DATA FOR THIS TASK:
(* Let $m\ge0$, let $f:\mathbb{R}^n\to\mathbb{R}$ be $m$-weakly convex, and consider one call of the subroutine ProxDescent$(x_k,\beta,\rho)$ (defined in the context) with $\beta\in(0,1)$, $\rho>0$, $\alpha=m+\rho$. Let $\Delta_k:=f(x_k)-f_\alpha(x_k)$ and assume $\Delta_k>0$. Then the while-loop terminates after finitely many steps, and the number $T_k$ of trial points computed satisfies $$T_k\le\frac{8G_k^2}{(1-\beta)^2\rho\,\Delta_k},\qquad\text{where } G_k=\max_{1\le j\le T_k}\|g_j\|.$$
   Context: A function $f$ is $m$-weakly convex ($m\ge 0$) if $x\mapsto f(x)+\frac{m}{2}\|x\|^2$ is convex; its subdifferential is $\partial f(x)=\{v: f(y)\ge f(x)+\langle v,y-x\rangle-\frac{m}{2}\|y-x\|^2\ \forall y\}$. For $\alpha>m$, $f_\alpha(x)=\inf_y\{f(y)+\frac\alpha2\|y-x\|^2\}$ (Moreau envelope). Subroutine ProxDescent$(x_k,\beta,\rho)$: set $j=1$, choose $g_1\in\partial f(x_k)$, let $\tilde f_1(x)=f(x_k)+\langle g_1,x-x_k\rangle$, and compute $z_2=\arg\min_x\{\tilde f_1(x)+\frac\rho2\|x-x_k\|^2\}$. While $f(x_k)-\big(f(z_{j+1})+\frac m2\|z_{j+1}-x_k\|^2\big)<\beta\big(f(x_k)-\tilde f_j(z_{j+1})\big)$: choose $g_{j+1}$ with $g_{j+1}-m(z_{j+1}-x_k)\in\partial f(z_{j+1})$ and a convex $\tilde f_{j+1}:\mathbb{R}^n\to\mathbb{R}$ such that for all $x$: (i) $\tilde f_{j+1}(x)\le f(x)+\frac m2\|x-x_k\|^2$; (ii) $\tilde f_{j+1}(x)\ge\tilde f_j(z_{j+1})+\langle s_{j+1},x-z_{j+1}\rangle$ with $s_{j+1}=\rho(x_k-z_{j+1})$; (iii) $\tilde f_{j+1}(x)\ge f(z_{j+1})+\frac m2\|z_{j+1}-x_k\|^2+\langle g_{j+1},x-z_{j+1}\rangle$; compute $z_{j+2}=\arg\min_x\{\tilde f_{j+1}(x)+\frac\rho2\|x-x_k\|^2\}$ and increase $j$ by one. On exit, return $z_{j+1}$. $T_k$ denotes the number of trial points $z_2,\dots,z_{T_k+1}$ computed in the call (equivalently the number of vectors $g_1,\dots,g_{T_k}$ used). *)

theory Defs
  imports "HOL-Analysis.Analysis"
begin

definition weakly_convex :: "real \<Rightarrow> ('a::real_inner \<Rightarrow> real) \<Rightarrow> bool" where
  "weakly_convex m f \<longleftrightarrow> m \<ge> 0 \<and> convex_on UNIV (\<lambda>x. f x + m / 2 * (norm x)\<^sup>2)"

definition wsubdiff :: "real \<Rightarrow> ('a::real_inner \<Rightarrow> real) \<Rightarrow> 'a \<Rightarrow> 'a set" where
  "wsubdiff m f x = {v. \<forall>y. f y \<ge> f x + inner v (y - x) - m / 2 * (norm (y - x))\<^sup>2}"

definition moreau_env :: "('a::real_normed_vector \<Rightarrow> real) \<Rightarrow> real \<Rightarrow> 'a \<Rightarrow> real" where
  "moreau_env f \<alpha> x = (INF y. f y + \<alpha> / 2 * (norm (y - x))\<^sup>2)"

definition is_prox_min :: "('a::real_normed_vector \<Rightarrow> real) \<Rightarrow> real \<Rightarrow> 'a \<Rightarrow> 'a \<Rightarrow> bool" where
  "is_prox_min h \<rho> xk z \<longleftrightarrow>
     (\<forall>x. h z + \<rho> / 2 * (norm (z - xk))\<^sup>2 \<le> h x + \<rho> / 2 * (norm (x - xk))\<^sup>2)"

definition pd_continue ::
  "('a::real_normed_vector \<Rightarrow> real) \<Rightarrow> real \<Rightarrow> real \<Rightarrow> 'a \<Rightarrow> (nat \<Rightarrow> 'a \<Rightarrow> real) \<Rightarrow> (nat \<Rightarrow> 'a) \<Rightarrow> nat \<Rightarrow> bool" where
  "pd_continue f m \<beta> xk tf z j \<longleftrightarrow>
     f xk - (f (z (j+1)) + m / 2 * (norm (z (j+1) - xk))\<^sup>2) < \<beta> * (f xk - tf j (z (j+1)))"

text \<open>A run of ProxDescent(xk, beta, rho): sequences g_j, tilde f_j, z_j (indices from 1 resp. 2)
  obeying the rules of the subroutine at every step that is actually executed.\<close>
definition prox_descent_run ::
  "('a::real_inner \<Rightarrow> real) \<Rightarrow> real \<Rightarrow> 'a \<Rightarrow> real \<Rightarrow> real \<Rightarrow>
   (nat \<Rightarrow> 'a) \<Rightarrow> (nat \<Rightarrow> 'a \<Rightarrow> real) \<Rightarrow> (nat \<Rightarrow> 'a) \<Rightarrow> bool" where
  "prox_descent_run f m xk \<beta> \<rho> g tf z \<longleftrightarrow>
     g 1 \<in> wsubdiff m f xk \<and>
     tf 1 = (\<lambda>x. f xk + inner (g 1) (x - xk)) \<and>
     is_prox_min (tf 1) \<rho> xk (z 2) \<and>
     (\<forall>j\<ge>1. (\<forall>i\<in>{1..j}. pd_continue f m \<beta> xk tf z i) \<longrightarrow>
        g (j+1) - m *\<^sub>R (z (j+1) - xk) \<in> wsubdiff m f (z (j+1)) \<and>
        convex_on UNIV (tf (j+1)) \<and>
        (\<forall>x. tf (j+1) x \<le> f x + m / 2 * (norm (x - xk))\<^sup>2) \<and>
        (\<forall>x. tf (j+1) x \<ge> tf j (z (j+1)) + inner (\<rho> *\<^sub>R (xk - z (j+1))) (x - z (j+1))) \<and>
        (\<forall>x. tf (j+1) x \<ge> f (z (j+1)) + m / 2 * (norm (z (j+1) - xk))\<^sup>2
                           + inner (g (j+1)) (x - z (j+1))) \<and>
        is_prox_min (tf (j+1)) \<rho> xk (z (j+2)))"

end

theory Submission
  imports Defs
begin

text \<open>Let \<open>a\<^sub>j\<close> be the gap between \<open>f(x\<^sub>k)\<close> and the minimal value of the \<open>j\<close>-th proximal
  model \<open>tf\<^sub>j + \<rho>/2 |\<cdot> - x\<^sub>k|\<^sup>2\<close>. Every model minorises \<open>f + m/2 |\<cdot> - x\<^sub>k|\<^sup>2\<close>, so the
  minimal model value is at most \<open>f\<^sub>\<alpha>(x\<^sub>k)\<close>, i.e. \<open>a\<^sub>j \<ge> \<Delta>\<^sub>k\<close>. While the loop continues, the
  aggregate cut and the linear cut of the next model, mixed with a weight proportional
  to \<open>a\<^sub>j\<close>, give \<open>a\<^sub>j\<^sub>+\<^sub>1 \<le> a\<^sub>j - c a\<^sub>j\<^sup>2\<close> with \<open>c = (1-\<beta>)\<^sup>2\<rho>/(8G\<^sup>2)\<close>; hence \<open>1/a\<^sub>j\<close> grows by at
  least \<open>c\<close> per step. Since \<open>1/a\<^sub>1 \<ge> 2\<rho>/G\<^sup>2\<close> and \<open>1/a\<^sub>T \<le> 1/\<Delta>\<^sub>k\<close>, the bound on \<open>T\<close> follows.
  Termination is the same estimate with a uniform bound on the \<open>g\<^sub>j\<close>: the trial points stay
  in a ball around \<open>x\<^sub>k\<close>, and the \<open>g\<^sub>j\<close> are subgradients there of the continuous convex
  function \<open>f + m/2 |\<cdot> - x\<^sub>k|\<^sup>2\<close>.\<close>

lemma half_sq_minus_linear_ge:
  fixes \<rho> b t :: real
  assumes "\<rho> > 0"
  shows "- b\<^sup>2 / (2 * \<rho>) \<le> \<rho> / 2 * t\<^sup>2 - b * t"
proof -
  have "0 \<le> (\<rho> * t - b)\<^sup>2 / (2 * \<rho>)" using assms by simp
  also have "\<dots> = \<rho> / 2 * t\<^sup>2 - b * t + b\<^sup>2 / (2 * \<rho>)"
    using assms by (simp add: field_simps power2_eq_square)
  finally show ?thesis by linarith
qed

lemma power2_norm_diff_split:
  fixes x y w :: "'a::real_inner"
  shows "(norm (x - y))\<^sup>2 = (norm (x - w))\<^sup>2 + 2 * inner (x - w) (w - y) + (norm (w - y))\<^sup>2"
  using dot_norm[of "x - w" "w - y"] by simp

WHAT IS REQUIRED: Copy out each line of the data above, exactly, if it lies between the line holding "is_prox_min (tf (j+1))" and the line holding "model \<open>tf\<^sub>j +", inclusive; copy no other line.

EXERCISE RESPONSE:
        is_prox_min (tf (j+1)) \<rho> xk (z (j+2)))"

end

theory Submission
  imports Defs
begin

text \<open>Let \<open>a\<^sub>j\<close> be the gap between \<open>f(x\<^sub>k)\<close> and the minimal value of the \<open>j\<close>-th proximal
  model \<open>tf\<^sub>j + \<rho>/2 |\<cdot> - x\<^sub>k|\<^sup>2\<close>. Every model minorises \<open>f + m/2 |\<cdot> - x\<^sub>k|\<^sup>2\<close>, so the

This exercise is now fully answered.